lemma intermediate_prime_two_generators:
  assumes q: "intermediate_prime q"
  shows "\<exists>x y. radically_generates R q [x, y]"
proof -
  have qp: "prime_ideal_in R q" and qi: "ideal_in R q"
    using q prime_ideal_ideal unfolding intermediate_prime_def by auto
  obtain x where x: "x \<in> q" "x \<noteq> 0" using q ideal_0[OF qi] unfolding intermediate_prime_def by blast
  have xR: "x \<in> R" using ideal_subset[OF qi x(1)] .
  define G where "G = {Q. intermediate_prime Q \<and> x \<in> Q} - {q}"
  have G_intermediate: "intermediate_prime g" if "g \<in> G" for g using that unfolding G_def by blast
  have "\<exists>y\<in>q. \<forall>g\<in>G. y \<notin> g"
  proof (rule prime_avoidance[OF sr _ _ qi])
    show "finite G" unfolding G_def using finite_intermediate_primes_containing[OF xR x(2)] by blast
    show "prime_ideal_in R g" if "g \<in> G" for g
      using G_intermediate[OF that] unfolding intermediate_prime_def by blast
    show "\<not> q \<subseteq> g" if "g \<in> G" for g
      using intermediate_prime_incomparable[OF q G_intermediate[OF that]] that unfolding G_def by blast
    show "\<not> h \<subseteq> g" if "g \<in> G" "h \<in> G" "g \<noteq> h" for g h
      using intermediate_prime_incomparable[OF G_intermediate[OF that(2)] G_intermediate[OF that(1)]]
        that(3) by blast
  qed
  then obtain y where y: "y \<in> q" "\<forall>g\<in>G. y \<notin> g" by blast
  have yR: "y \<in> R" using ideal_subset[OF qi y(1)] .
  \<comment> \<open>A prime over \<open>(x, y)\<close> missing some \<open>w \<in> q\<close> would be an intermediate prime
     containing \<open>x\<close>, hence equal to \<open>q\<close> or in \<open>G\<close>; both are impossible.\<close>
  have "\<exists>k. w ^ k \<in> ideal_gen R {x, y}" if w: "w \<in> q" for w
  proof (rule ccontr)
    assume "\<not> ?thesis"
    moreover have "ideal_in R (ideal_gen R {x, y})" by (rule ideal_gen_ideal[OF sr]) (use xR yR in blast)
    ultimately obtain Q where Q: "prime_ideal_in R Q" "ideal_gen R {x, y} \<subseteq> Q" "w \<notin> Q"
      using prime_avoiding_powers[OF sr noeth _ ideal_subset[OF qi w]] by blast
    have xyQ: "x \<in> Q" "y \<in> Q" using Q(2) ideal_gen_superset[of "{x, y}" R] by blast+
    moreover have "Q \<noteq> m" using prime_subset_m[OF qp] w Q(3) by blast
    ultimately have "intermediate_prime Q" using Q(1) x(2) unfolding intermediate_prime_def by blast
    then show False using Q(3) w y(2) xyQ unfolding G_def by blast
  qed
  then have "radically_generates R q [x, y]"
    using x(1) y(1) unfolding radically_generates_def by simp
  then show ?thesis by blast
qed

lemma primes_radically_generated_bounded:
  "\<exists>L. \<forall>q. prime_ideal_in R q \<longrightarrow> (\<exists>ys. length ys = L \<and> radically_generates R q ys)"
proof -
  obtain ms where ms: "radically_generates R m ms"
    using noetherian_radically_generates[OF noeth prime_ideal_ideal[OF m_prime]] by blast
  define L where "L = max 2 (length ms)"
  have "\<exists>ys. length ys = L \<and> radically_generates R q ys" if q: "prime_ideal_in R q" for q
  proof -
    have "\<exists>xs. length xs \<le> L \<and> radically_generates R q xs"
    proof (cases "q = m \<or> q = {0}")
      case True
      have "0 ^ 1 \<in> ideal_gen R (set [])" using ideal_0[OF ideal_gen_ideal[OF sr]] by simp
      then have "\<forall>w\<in>{0}. \<exists>k. w ^ k \<in> ideal_gen R (set [])" by blast
      then have "radically_generates R {0} []" unfolding radically_generates_def by simp
      moreover have "length ms \<le> L" "length [] \<le> L" unfolding L_def by simp_all
      ultimately show ?thesis using True ms by blast
    next
      case False
      then obtain x y where "radically_generates R q [x, y]"
        using intermediate_prime_two_generators q unfolding intermediate_prime_def by blast
      then show ?thesis unfolding L_def by (intro exI[of _ "[x, y]"]) simp
    qed
    then show ?thesis
      using radically_generates_pad ideal_0[OF prime_ideal_ideal[OF q]] by blast
  qed
  then show ?thesis by blast
qed

end

section \<open>p-th roots in characteristic p\<close>

lemma char_eq:
  assumes "prime p" "(of_nat p :: 'a::field) = 0"
  shows "CHAR('a) = p"
proof -
  have "CHAR('a) dvd p" using assms(2) of_nat_eq_0_iff_char_dvd by blast
  moreover have "CHAR('a) \<noteq> 1" by (metis of_nat_1 of_nat_CHAR one_neq_zero)
  ultimately show ?thesis using assms(1) by (auto simp: prime_nat_iff)
qed

definition rt :: "nat \<Rightarrow> nat \<Rightarrow> 'a::field \<Rightarrow> 'a" where
  "rt p n x = (THE y. y ^ (p ^ n) = x)"

lemma pth_roots_rt: "pth_roots p x = range (\<lambda>n. rt p n x)"
  unfolding pth_roots_def rt_def by auto

context
  fixes p :: nat
  assumes ac: "alg_closed_field TYPE('a::field)" and pr: "prime p" and ch: "(of_nat p :: 'a) = 0"
begin

lemma p_power_pos: "p ^ n > 0"
  using pr by (simp add: prime_gt_0_nat)

lemma frobenius_add: "(x + y :: 'a) ^ (p ^ n) = x ^ (p ^ n) + y ^ (p ^ n)"
  using freshmans_dream'[of "p ^ n" n x y] char_eq[OF pr ch] pr by simp

lemma frobenius_inj: "(x :: 'a) ^ (p ^ n) = y ^ (p ^ n) \<Longrightarrow> x = y"
  using frobenius_add[of "x - y" y n] by simp

lemma root_exists: "\<exists>y::'a. y ^ (p ^ n) = x"
proof -
  let ?q = "monom (1::'a) (p ^ n) + [:-x:]"
  have "degree ?q = p ^ n"
    using p_power_pos[of n] by (subst degree_add_eq_left) (auto simp: degree_monom_eq)
  then have "degree ?q > 0" using p_power_pos[of n] by simp
  then obtain y where "poly ?q y = 0" using ac unfolding alg_closed_field_def by blast
  then show ?thesis by (auto simp: poly_monom)
qed

lemma rt_power: "rt p n (x::'a) ^ (p ^ n) = x"
proof -
  have "\<exists>!y::'a. y ^ (p ^ n) = x" using root_exists frobenius_inj by blast
  then show ?thesis unfolding rt_def by (rule theI')
qed

lemma rt_unique: "(y::'a) ^ (p ^ n) = x \<Longrightarrow> rt p n x = y"
  using rt_power[of n x] frobenius_inj[of "rt p n x" n y] by simp

lemma rt_add: "rt p n ((a::'a) + b) = rt p n a + rt p n b"
  by (rule rt_unique) (simp add: frobenius_add rt_power)

lemma rt_mult: "rt p n ((a::'a) * b) = rt p n a * rt p n b"
  by (rule rt_unique) (simp add: power_mult_distrib rt_power)

lemma rt_0: "rt p n (0::'a) = 0"
  by (rule rt_unique) (use p_power_pos[of n] in simp)

section \<open>The ring R_inf\<close>

context
  fixes R :: "'a set"
  assumes sr: "subring_of R"
begin

text \<open>The integrality condition in the definition of \<open>R_inf\<close> is automatic:
  \<open>x\<close> is a root of the monic polynomial \<open>X ^ (p ^ n) - x ^ (p ^ n)\<close>.\<close>
lemma R_inf_iff: "x \<in> R_inf p R \<longleftrightarrow> (\<exists>n. x ^ (p ^ n) \<in> R)"
proof
  assume "\<exists>n. x ^ (p ^ n) \<in> R"
  then obtain n where n: "x ^ (p ^ n) \<in> R" by blast
  let ?q = "monom (1::'a) (p ^ n) + [:- (x ^ (p ^ n)):]"
  have dq: "degree ?q = p ^ n"
    using p_power_pos[of n] by (subst degree_add_eq_left) (auto simp: degree_monom_eq)
  have "lead_coeff ?q = 1" unfolding dq using p_power_pos[of n] by (simp add: coeff_pCons')
  moreover have "coeff ?q i \<in> R" for i
    using subring_0[OF sr] subring_1[OF sr] subring_uminus[OF sr n] p_power_pos[of n]
    by (cases "i = 0") (auto simp: coeff_pCons')
  moreover have "poly ?q x = 0" by (simp add: poly_monom)
  ultimately show "x \<in> R_inf p R" unfolding R_inf_def R_plus_def using n by blast
qed (auto simp: R_inf_def)

lemma R_subset_R_inf: "R \<subseteq> R_inf p R"
proof
  fix x assume "x \<in> R"
  then have "x ^ (p ^ 0) \<in> R" by simp
  then show "x \<in> R_inf p R" using R_inf_iff by blast
qed

lemma power_in_R_mono: "x ^ (p ^ a) \<in> R \<Longrightarrow> x ^ (p ^ (a + b)) \<in> R"
  using subring_power[OF sr, of "x ^ (p ^ a)" "p ^ b"] by (simp add: power_add power_mult)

● **PROBLEM DESCRIPTION**
Write out only the final block of lines, starting at the line with "p n ((a::'a) + b)" and running to the end of the material.

● **RESULT FOR THIS TASK**
lemma rt_add: "rt p n ((a::'a) + b) = rt p n a + rt p n b"
  by (rule rt_unique) (simp add: frobenius_add rt_power)

lemma rt_mult: "rt p n ((a::'a) * b) = rt p n a * rt p n b"
  by (rule rt_unique) (simp add: power_mult_distrib rt_power)

lemma rt_0: "rt p n (0::'a) = 0"
  by (rule rt_unique) (use p_power_pos[of n] in simp)

section \<open>The ring R_inf\<close>

context
  fixes R :: "'a set"
  assumes sr: "subring_of R"
begin

text \<open>The integrality condition in the definition of \<open>R_inf\<close> is automatic:
  \<open>x\<close> is a root of the monic polynomial \<open>X ^ (p ^ n) - x ^ (p ^ n)\<close>.\<close>
lemma R_inf_iff: "x \<in> R_inf p R \<longleftrightarrow> (\<exists>n. x ^ (p ^ n) \<in> R)"
proof
  assume "\<exists>n. x ^ (p ^ n) \<in> R"
  then obtain n where n: "x ^ (p ^ n) \<in> R" by blast
  let ?q = "monom (1::'a) (p ^ n) + [:- (x ^ (p ^ n)):]"
  have dq: "degree ?q = p ^ n"
    using p_power_pos[of n] by (subst degree_add_eq_left) (auto simp: degree_monom_eq)
  have "lead_coeff ?q = 1" unfolding dq using p_power_pos[of n] by (simp add: coeff_pCons')
  moreover have "coeff ?q i \<in> R" for i
    using subring_0[OF sr] subring_1[OF sr] subring_uminus[OF sr n] p_power_pos[of n]
    by (cases "i = 0") (auto simp: coeff_pCons')
  moreover have "poly ?q x = 0" by (simp add: poly_monom)
  ultimately show "x \<in> R_inf p R" unfolding R_inf_def R_plus_def using n by blast
qed (auto simp: R_inf_def)

lemma R_subset_R_inf: "R \<subseteq> R_inf p R"
proof
  fix x assume "x \<in> R"
  then have "x ^ (p ^ 0) \<in> R" by simp
  then show "x \<in> R_inf p R" using R_inf_iff by blast
qed

lemma power_in_R_mono: "x ^ (p ^ a) \<in> R \<Longrightarrow> x ^ (p ^ (a + b)) \<in> R"
  using subring_power[OF sr, of "x ^ (p ^ a)" "p ^ b"] by (simp add: power_add power_mult)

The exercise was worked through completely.